Work request
Within the entries below, the lines from the one with "1 (\<xi> 2) x" through the one with "by (rule smooth_coeff_differentiable_along[OF" are to be set down exactly, both ends kept.

Data
definition accept_weight :: "('a, 'b, complex) fst \<Rightarrow> 'a tsym \<Rightarrow> 'b list
    \<Rightarrow> (nat \<Rightarrow> 'b list \<Rightarrow> complex) \<Rightarrow> real" where
  "accept_weight T a w c = (\<Sum>p\<in>acc T. (cmod (qstep T a c p w))\<^sup>2)"

lemma qacc_append: "qacc T (as @ bs) c w = qacc T as c w + qacc T bs (qrun T as c) w"
  by (induction as arbitrary: c) (simp_all add: qnext_def)

lemma qacc_nonneg: "qacc T as c w \<ge> 0"
  by (induction as arbitrary: c) (simp_all add: sum_nonneg)

lemma qrun_append: "qrun T (as @ bs) c = qrun T bs (qrun T as c)"
  by (induction as arbitrary: c) simp_all

lemma sum_prefixes_strip_suffix_le:
  fixes f :: "'b list \<Rightarrow> real"
  assumes "\<And>u. f u \<ge> 0"
  shows "(\<Sum>u\<in>set (prefixes w). if suffix s u then f (take (length u - length s) u) else 0)
         \<le> (\<Sum>u\<in>set (prefixes w). f u)"
proof -
  define S where "S = {u \<in> set (prefixes w). suffix s u}"
  define g where "g u = take (length u - length s) u" for u :: "'b list"
  have "inj_on g S"
  proof (rule inj_onI)
    fix u u' assume "u \<in> S" "u' \<in> S" "g u = g u'"
    then have "length u - length s = length u' - length s" "prefix u w" "prefix u' w"
      "length s \<le> length u" "length s \<le> length u'"
      unfolding S_def g_def by (auto dest: arg_cong[of _ _ length] suffix_length_le)
    then have "length u = length u'" by linarith
    with \<open>prefix u w\<close> \<open>prefix u' w\<close> show "u = u'"
      by (metis prefix_length_prefix prefix_order.antisym order_refl)
  qed
  moreover have "g ` S \<subseteq> set (prefixes w)"
    unfolding S_def g_def using take_is_prefix prefix_order.trans by fastforce
  ultimately have reindexed: "(\<Sum>u\<in>S. f (g u)) \<le> (\<Sum>u\<in>set (prefixes w). f u)"
    using assms by (simp add: sum.reindex[symmetric, unfolded comp_def] sum_mono2)
  have "(\<Sum>u\<in>set (prefixes w). if suffix s u then f (g u) else 0) = (\<Sum>u\<in>S. f (g u))"
    unfolding S_def by (rule sum.inter_filter[symmetric]) simp
  with reindexed show ?thesis unfolding g_def by simp
qed

lemma qfst_orthonormal:
  assumes "is_qfst T"
  shows "\<forall>q<nstates T. \<forall>q'<nstates T.
    (\<Sum>p<nstates T. trans T a q p * cnj (trans T a q' p)) = (if q = q' then 1 else 0)"
  using assms unfolding is_qfst_def by blast

lemma qstep_norm_le:
  assumes "is_qfst T"
  shows "(\<Sum>p<nstates T. \<Sum>u\<in>set (prefixes w). (cmod (qstep T a c p u))\<^sup>2) \<le> qnorm T w c"
proof -
  define d where "d u q = (if suffix (out T a q) u
    then c q (take (length u - length (out T a q)) u) else 0)" for u q
  have qstep_eq: "qstep T a c p u = (\<Sum>q<nstates T. d u q * trans T a q p)" for p u
    unfolding qstep_def d_def by (intro sum.cong refl) simp
  have "(\<Sum>p<nstates T. \<Sum>u\<in>set (prefixes w). (cmod (qstep T a c p u))\<^sup>2)
      = (\<Sum>u\<in>set (prefixes w). \<Sum>p<nstates T. (cmod (\<Sum>q<nstates T. d u q * trans T a q p))\<^sup>2)"
    unfolding qstep_eq by (rule sum.swap)
  also have "\<dots> = (\<Sum>u\<in>set (prefixes w). \<Sum>q<nstates T. (cmod (d u q))\<^sup>2)"
    by (simp add: orthonormal_rows_preserve_sum_cmod_square[OF qfst_orthonormal[OF assms]])
  also have "\<dots> = (\<Sum>q<nstates T. \<Sum>u\<in>set (prefixes w). (cmod (d u q))\<^sup>2)"
    by (rule sum.swap)
  also have "\<dots> \<le> qnorm T w c"
    unfolding qnorm_def
  proof (rule sum_mono)
    fix q
    show "(\<Sum>u\<in>set (prefixes w). (cmod (d u q))\<^sup>2) \<le> (\<Sum>u\<in>set (prefixes w). (cmod (c q u))\<^sup>2)"
      unfolding d_def if_distrib[of "\<lambda>z. (cmod z)\<^sup>2"] norm_zero power_zero_numeral
      by (rule sum_prefixes_strip_suffix_le) simp
  qed
  finally show ?thesis .
qed

lemma qnorm_qnext_le:
  assumes "is_qfst T"
  shows "qnorm T w (qnext T a c) \<le> qnorm T w c"
proof -
  have "qnorm T w (qnext T a c)
      \<le> (\<Sum>p<nstates T. \<Sum>u\<in>set (prefixes w). (cmod (qstep T a c p u))\<^sup>2)"
    unfolding qnorm_def qnext_def by (intro sum_mono) auto
  then show ?thesis using qstep_norm_le[OF assms] by (rule order_trans)
qed

lemma qnorm_qrun_le:
  assumes "is_qfst T"
  shows "qnorm T w (qrun T as c) \<le> qnorm T w c"
  by (induction as arbitrary: c) (auto intro: order_trans qnorm_qnext_le[OF assms])

lemma accept_weight_le_qnorm:
  assumes "is_qfst T"
  shows "accept_weight T a w c \<le> qnorm T w c"
proof -
  have "acc T \<subseteq> {..<nstates T}"
    using assms unfolding is_qfst_def well_formed_def by blast
  then have "accept_weight T a w c \<le> (\<Sum>p<nstates T. (cmod (qstep T a c p w))\<^sup>2)"
    unfolding accept_weight_def by (intro sum_mono2) auto
  also have "\<dots> \<le> (\<Sum>p<nstates T. \<Sum>u\<in>set (prefixes w). (cmod (qstep T a c p u))\<^sup>2)"
    by (intro sum_mono member_le_sum) auto
  also have "\<dots> \<le> qnorm T w c" by (rule qstep_norm_le[OF assms])
  finally show ?thesis .
qed

lemma qstep_add: "qstep T a (\<lambda>q u. c1 q u + c2 q u) p u = qstep T a c1 p u + qstep T a c2 p u"
  unfolding qstep_def by (simp add: sum.distrib[symmetric] algebra_simps if_distrib cong: if_cong)

lemma qstep_diff: "qstep T a (\<lambda>q u. c1 q u - c2 q u) p u = qstep T a c1 p u - qstep T a c2 p u"
  unfolding qstep_def by (simp add: sum_subtractf[symmetric] algebra_simps if_distrib cong: if_cong)

lemma qrun_add: "qrun T as (\<lambda>q u. c1 q u + c2 q u) = (\<lambda>p u. qrun T as c1 p u + qrun T as c2 p u)"
proof -
  have "qnext T a (\<lambda>q u. c1 q u + c2 q u) = (\<lambda>p u. qnext T a c1 p u + qnext T a c2 p u)"
    for a c1 c2
    unfolding qnext_def by (simp add: qstep_add fun_eq_iff)
  then show ?thesis by (induction as arbitrary: c1 c2) simp_all
qed

lemma qnorm_parallelogram:
  "qnorm T w (\<lambda>q u. a q u + b q u) + qnorm T w (\<lambda>q u. a q u - b q u) = 2 * qnorm T w a + 2 * qnorm T w b"
proof -
  have "(cmod (x + y))\<^sup>2 + (cmod (x - y))\<^sup>2 = 2 * (cmod x)\<^sup>2 + 2 * (cmod y)\<^sup>2" for x y :: complex
    by (simp only: cmod_power2) (simp add: power2_eq_square algebra_simps)
  then show ?thesis
    unfolding qnorm_def sum.distrib[symmetric] sum_distrib_left by simp
qed

text \<open>A contraction that almost preserves the norms of a and b almost preserves
  the norm of a - b: by the parallelogram law, a loss on a - b would force a gain on a + b.\<close>
lemma qnorm_diff_le_qrun:
  assumes "is_qfst T"
  shows "qnorm T w (\<lambda>q u. a q u - b q u)
    \<le> qnorm T w (\<lambda>q u. qrun T as a q u - qrun T as b q u)
      + 2 * (qnorm T w a - qnorm T w (qrun T as a)) + 2 * (qnorm T w b - qnorm T w (qrun T as b))"
proof -
  have "qnorm T w (\<lambda>q u. qrun T as a q u + qrun T as b q u) \<le> qnorm T w (\<lambda>q u. a q u + b q u)"
    using qnorm_qrun_le[OF assms] by (simp only: qrun_add[symmetric])
  then show ?thesis
    using qnorm_parallelogram[of T w a b] qnorm_parallelogram[of T w "qrun T as a" "qrun T as b"]
    by argo
qed

lemma square_add_le_weighted:
  fixes x y t :: real
  assumes "t > 0"
  shows "(x + y)\<^sup>2 \<le> (1 + t) * x\<^sup>2 + (1 + 1 / t) * y\<^sup>2"
proof -
  have "(1 + t) * x\<^sup>2 + (1 + 1 / t) * y\<^sup>2 - (x + y)\<^sup>2 = (t * x - y)\<^sup>2 / t"
    using assms by (simp add: field_simps power2_eq_square)
  moreover have "(t * x - y)\<^sup>2 / t \<ge> 0" using assms by simp
  ultimately show ?thesis by linarith
qed

lemma accept_weight_le_weighted:
  assumes "t > 0"
  shows "accept_weight T a w c1
    \<le> (1 + t) * accept_weight T a w c2 + (1 + 1 / t) * accept_weight T a w (\<lambda>q u. c1 q u - c2 q u)"
proof -
  have "(cmod x)\<^sup>2 \<le> (1 + t) * (cmod y)\<^sup>2 + (1 + 1 / t) * (cmod (x - y))\<^sup>2" for x y :: complex
  proof -
    have "(cmod x)\<^sup>2 \<le> (cmod y + cmod (x - y))\<^sup>2"
      using norm_triangle_ineq[of y "x - y"] by (intro power_mono) auto
    also have "\<dots> \<le> (1 + t) * (cmod y)\<^sup>2 + (1 + 1 / t) * (cmod (x - y))\<^sup>2"
      by (rule square_add_le_weighted[OF assms])
    finally show ?thesis .
  qed
  then show ?thesis
    unfolding accept_weight_def qstep_diff sum_distrib_left sum.distrib[symmetric]
    by (intro sum_mono)
qed
(* Let $n\ge2$ and $n\in\{p,p+1\}$ for a prime $p$. Then: (i) $p$ is an isolated vertex of $\mathcal O_0(S_n)$, and the type $[1^{n-p},p]$ is an isolated vertex of $P_0(\mathcal T(S_n))$; (ii) every vertex $[\psi]$ of $\widetilde P_0(S_n)$ with $o(\psi)=p$ is isolated in $\widetilde P_0(S_n)$; (iii) the number of components of $\widetilde P_0(S_n)$ containing vertices of order $p$ is $(p-2)!$ if $n=p$ and $(p+1)(p-2)!$ if $n=p+1$.
   Context: $\widetilde P_0(G)$: vertex set $\{[x]:x\in G\setminus\{1\}\}$ with $[x]=\{y:\langle y\rangle=\langle x\rangle\}$, distinct $[x],[y]$ adjacent iff some representatives are one a positive power of the other. $\mathcal O_0(G)$: vertices the element orders $\ne1$, distinct $m,m'$ adjacent iff one divides the other. For $\psi\in S_n$, $T_\psi$ is the partition of $n$ given by orbit lengths of $\langle\psi\rangle$; for $T=[m_1^{t_1},\dots,m_k^{t_k}]$, $T^a=[(m_i/\gcd(a,m_i))^{t_i\gcd(a,m_i)}]_i$. $P_0(\mathcal T(S_n))$: vertices the partitions of $n$ other than $[1^n]$, distinct $T,T'$ adjacent iff one is a power of the other. *)

theory Defs
  imports "HOL-Algebra.Algebra" "HOL-Library.Multiset"
begin

definition isolated_in :: "'v set \<Rightarrow> ('v \<Rightarrow> 'v \<Rightarrow> bool) \<Rightarrow> 'v \<Rightarrow> bool" where
  "isolated_in V adj v \<longleftrightarrow> v \<in> V \<and> (\<forall>w\<in>V. \<not> adj v w)"

definition component_of :: "'v set \<Rightarrow> ('v \<Rightarrow> 'v \<Rightarrow> bool) \<Rightarrow> 'v \<Rightarrow> 'v set" where
  "component_of V adj v = {w. (\<lambda>a b. a \<in> V \<and> b \<in> V \<and> adj a b)\<^sup>*\<^sup>* v w}"

definition components :: "'v set \<Rightarrow> ('v \<Rightarrow> 'v \<Rightarrow> bool) \<Rightarrow> 'v set set" where
  "components V adj = component_of V adj ` V"

definition pclass :: "('a, 'b) monoid_scheme \<Rightarrow> 'a \<Rightarrow> 'a set" where
  "pclass G x = {y \<in> carrier G. generate G {y} = generate G {x}}"

definition rpg_vertices :: "('a, 'b) monoid_scheme \<Rightarrow> 'a set set" where
  "rpg_vertices G = {pclass G x | x. x \<in> carrier G \<and> x \<noteq> one G}"

definition rpg_adj :: "('a, 'b) monoid_scheme \<Rightarrow> 'a set \<Rightarrow> 'a set \<Rightarrow> bool" where
  "rpg_adj G A B \<longleftrightarrow> A \<noteq> B \<and>
     (\<exists>x\<in>A. \<exists>y\<in>B. (\<exists>k::nat. k > 0 \<and> x = pow G y k) \<or> (\<exists>k::nat. k > 0 \<and> y = pow G x k))"

definition og_vertices :: "('a, 'b) monoid_scheme \<Rightarrow> nat set" where
  "og_vertices G = {group.ord G x | x. x \<in> carrier G} - {1}"

definition og_adj :: "nat \<Rightarrow> nat \<Rightarrow> bool" where
  "og_adj m m' \<longleftrightarrow> m \<noteq> m' \<and> (m dvd m' \<or> m' dvd m)"

text \<open>Types (partitions of n); \<open>P_0(T(S_n))\<close> has all partitions of n except \<open>[1^n]\<close> as vertices.\<close>
definition is_partition :: "nat \<Rightarrow> nat multiset \<Rightarrow> bool" where
  "is_partition n T \<longleftrightarrow> (\<forall>m\<in>#T. m > 0) \<and> sum_mset T = n"

definition type_pow :: "nat multiset \<Rightarrow> nat \<Rightarrow> nat multiset" where
  "type_pow T a = (\<Sum>m\<in>#T. replicate_mset (gcd a m) (m div gcd a m))"

definition tg_vertices :: "nat \<Rightarrow> nat multiset set" where
  "tg_vertices n = {T. is_partition n T \<and> T \<noteq> replicate_mset n 1}"

definition tg_adj :: "nat multiset \<Rightarrow> nat multiset \<Rightarrow> bool" where
  "tg_adj T T' \<longleftrightarrow> T \<noteq> T' \<and> (\<exists>a::nat. a > 0 \<and> (T' = type_pow T a \<or> T = type_pow T' a))"

end

theory Submission
  imports Defs "HOL-Combinatorics.Cycles" "HOL-Combinatorics.Orbits" "HOL-Combinatorics.Multiset_Permutations"
begin

text \<open>
  Let n \<le> p + 1. A permutation commuting with a p-cycle \<tau> of S_n preserves the p points moved
  by \<tau>, hence fixes the at most one remaining point and acts on the cycle as a power of \<tau>.
  Applied to \<tau> = \<sigma>^k where ord \<sigma> = p k, this shows that every element of S_n of order divisible
  by p has order exactly p. In any group with this property a proper power or root of an element
  of order p generates the same cyclic group, so the class of such an element is an isolated
  vertex of the reduced power graph, and p is an isolated vertex of the order graph. The
  components containing elements of order p are therefore singletons, one per cyclic subgroup of
  order p: there are (p - 1)! resp. (p + 1) (p - 1)! elements of order p (a p-cycle on a
  p-element set is determined by its cycle list starting at a given point), and each class
  contains p - 1 of them.
  Finally, the powers of the hook type [1^(n-p), p] are the hook itself and [1^n], and since
  n - p \<le> 1 no other type has the hook as a power.
\<close>

section \<open>Permutations of prime order\<close>

lemma set_support_eq_orbit:
  assumes "permutation \<sigma>"
  shows "set (support \<sigma> a) = orbit \<sigma> a"
  using orbit_altdef_permutation[OF assms] support_set[OF assms] by auto

lemma card_orbit_eq_least_power:
  assumes "permutation \<sigma>"
  shows "card (orbit \<sigma> a) = least_power \<sigma> a"
  using distinct_card[OF cycle_of_permutation[OF assms]] set_support_eq_orbit[OF assms] by simp
definition solved_jet1 :: "real \<Rightarrow> real \<Rightarrow> (4 \<Rightarrow> real) \<Rightarrow> (4 \<Rightarrow> 4 \<Rightarrow> real) \<Rightarrow> 4 \<Rightarrow> real" where
  "solved_jet1 a u P Q i =
     (if i = 3 then - (a * u * P 0 + sym_jet2 Q 0 0 + sym_jet2 Q 1 1 + sym_jet2 Q 2 2) else P i)"

text \<open>The jets \<open>(u, solved_jet1 a u P Q, sym_jet2 Q)\<close>, with \<open>P\<close> and \<open>Q\<close> arbitrary, are
  exactly the symmetric jets on which \<open>\<Delta>\<close> vanishes: \<open>u\<^sub>t\<close> is solved for.\<close>
lemma pr2_zk_eq_0_on_solutions:
  "is_zk_symmetry a \<xi> \<phi> \<Longrightarrow> pr2_zk a \<xi> \<phi> x u (solved_jet1 a u P Q) (sym_jet2 Q) = 0"
  unfolding is_zk_symmetry_def zk_delta_def by (auto simp: solved_jet1_def sym_jet2_def)

definition coord_vector :: "4 \<Rightarrow> real \<Rightarrow> 4 \<Rightarrow> real" where
  "coord_vector i c k = (if k = i then c else 0)"

definition coord_matrix :: "4 \<Rightarrow> 4 \<Rightarrow> 4 \<Rightarrow> 4 \<Rightarrow> real" where
  "coord_matrix i j k l = (if k = i \<and> l = j then 1 else 0)"

lemmas jet_simps = pr2_zk_def phi1_def phi2_def TD1_def TD2_def sum_UNIV_4
  solved_jet1_def sym_jet2_def coord_vector_def coord_matrix_def

locale zk_symmetry =
  fixes a :: real and \<xi> :: "4 \<Rightarrow> coeff" and \<phi> :: coeff
  assumes a_pos: "a > 0"
    and smooth_xi: "\<And>i. smooth_coeff (\<xi> i)" and smooth_phi: "smooth_coeff \<phi>"
    and symmetry: "is_zk_symmetry a \<xi> \<phi>"
begin

text \<open>Each determining equation is the coefficient of one monomial in the free jet variables
  \<open>P\<close>, \<open>Q\<close>; it is isolated by evaluating the prolongation at the zero jet and at a few
  coordinate jets and comparing.\<close>
lemma pr2_vanishes: "pr2_zk a \<xi> \<phi> x u (solved_jet1 a u P Q) (sym_jet2 Q) = 0"
  using symmetry by (rule pr2_zk_eq_0_on_solutions)

lemma du_xi: "du (\<xi> k) x u = 0"
proof -
  have "du (\<xi> 0) x u = 0"
    using pr2_vanishes[of x u "\<lambda>_. 0" "\<lambda>_ _. 0"] pr2_vanishes[of x u "\<lambda>_. 0" "coord_matrix 0 1"]
      pr2_vanishes[of x u "coord_vector 1 1" "\<lambda>_ _. 0"] pr2_vanishes[of x u "coord_vector 1 1" "coord_matrix 0 1"]
    by (simp add: jet_simps)
  moreover have "du (\<xi> 1) x u = 0"
    using pr2_vanishes[of x u "\<lambda>_. 0" "\<lambda>_ _. 0"] pr2_vanishes[of x u "\<lambda>_. 0" "coord_matrix 1 2"]
      pr2_vanishes[of x u "coord_vector 2 1" "\<lambda>_ _. 0"] pr2_vanishes[of x u "coord_vector 2 1" "coord_matrix 1 2"]
    by (simp add: jet_simps)
  moreover have "du (\<xi> 2) x u = 0"
    using pr2_vanishes[of x u "\<lambda>_. 0" "\<lambda>_ _. 0"] pr2_vanishes[of x u "\<lambda>_. 0" "coord_matrix 1 2"]
      pr2_vanishes[of x u "coord_vector 1 1" "\<lambda>_ _. 0"] pr2_vanishes[of x u "coord_vector 1 1" "coord_matrix 1 2"]
    by (simp add: jet_simps)
  moreover have "du (\<xi> 3) x u = 0"
    using pr2_vanishes[of x u "\<lambda>_. 0" "\<lambda>_ _. 0"] pr2_vanishes[of x u "\<lambda>_. 0" "coord_matrix 1 3"]
      pr2_vanishes[of x u "coord_vector 1 1" "\<lambda>_ _. 0"] pr2_vanishes[of x u "coord_vector 1 1" "coord_matrix 1 3"]
    by (simp add: jet_simps)
  ultimately show ?thesis
    using index4_cases[of k] by auto
qed

lemma dx_space_xi_t: "dx 0 (\<xi> 3) x u = 0" "dx 1 (\<xi> 3) x u = 0" "dx 2 (\<xi> 3) x u = 0"
  using pr2_vanishes[of x u "\<lambda>_. 0" "\<lambda>_ _. 0"] pr2_vanishes[of x u "\<lambda>_. 0" "coord_matrix 0 3"]
    pr2_vanishes[of x u "\<lambda>_. 0" "coord_matrix 1 3"] pr2_vanishes[of x u "\<lambda>_. 0" "coord_matrix 2 3"]
  by (simp_all add: jet_simps)

lemma xi_space_killing:
  "dx 0 (\<xi> 1) x u = - dx 1 (\<xi> 0) x u"
  "dx 0 (\<xi> 2) x u = - dx 2 (\<xi> 0) x u"
  "dx 1 (\<xi> 2) x u = - dx 2 (\<xi> 1) x u"
  using pr2_vanishes[of x u "\<lambda>_. 0" "\<lambda>_ _. 0"] pr2_vanishes[of x u "\<lambda>_. 0" "coord_matrix 0 1"]
    pr2_vanishes[of x u "\<lambda>_. 0" "coord_matrix 0 2"] pr2_vanishes[of x u "\<lambda>_. 0" "coord_matrix 1 2"]
  by (simp_all add: jet_simps)

lemma differentiable_along_xi: "differentiable_along i (\<xi> k)"
  by (rule smooth_coeff_differentiable_along[OF smooth_xi])

lemma xi_invariant_in_u: "invariant_in_u (\<xi> k)"
  by (rule invariant_in_u_if_du_eq_0[OF smooth_xi du_xi])

lemma xi_at_u0:
  "\<xi> k y u = \<xi> k y 0"
  "dx i (\<xi> k) y u = dx i (\<xi> k) y 0"
  "dx i (dx j (\<xi> k)) y u = dx i (dx j (\<xi> k)) y 0"
  by (rule invariant_in_u_eq_at_u0 invariant_in_u_dx xi_invariant_in_u)+

lemma xi_t_invariant_along_space:
  "invariant_along 0 (\<xi> 3)" "invariant_along 1 (\<xi> 3)" "invariant_along 2 (\<xi> 3)"
  by (rule invariant_along_if_dx_eq_0[OF differentiable_along_xi]; rule dx_space_xi_t)+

Exercise output
  "dx 1 (\<xi> 2) x u = - dx 2 (\<xi> 1) x u"
  using pr2_vanishes[of x u "\<lambda>_. 0" "\<lambda>_ _. 0"] pr2_vanishes[of x u "\<lambda>_. 0" "coord_matrix 0 1"]
    pr2_vanishes[of x u "\<lambda>_. 0" "coord_matrix 0 2"] pr2_vanishes[of x u "\<lambda>_. 0" "coord_matrix 1 2"]
  by (simp_all add: jet_simps)

lemma differentiable_along_xi: "differentiable_along i (\<xi> k)"
  by (rule smooth_coeff_differentiable_along[OF smooth_xi])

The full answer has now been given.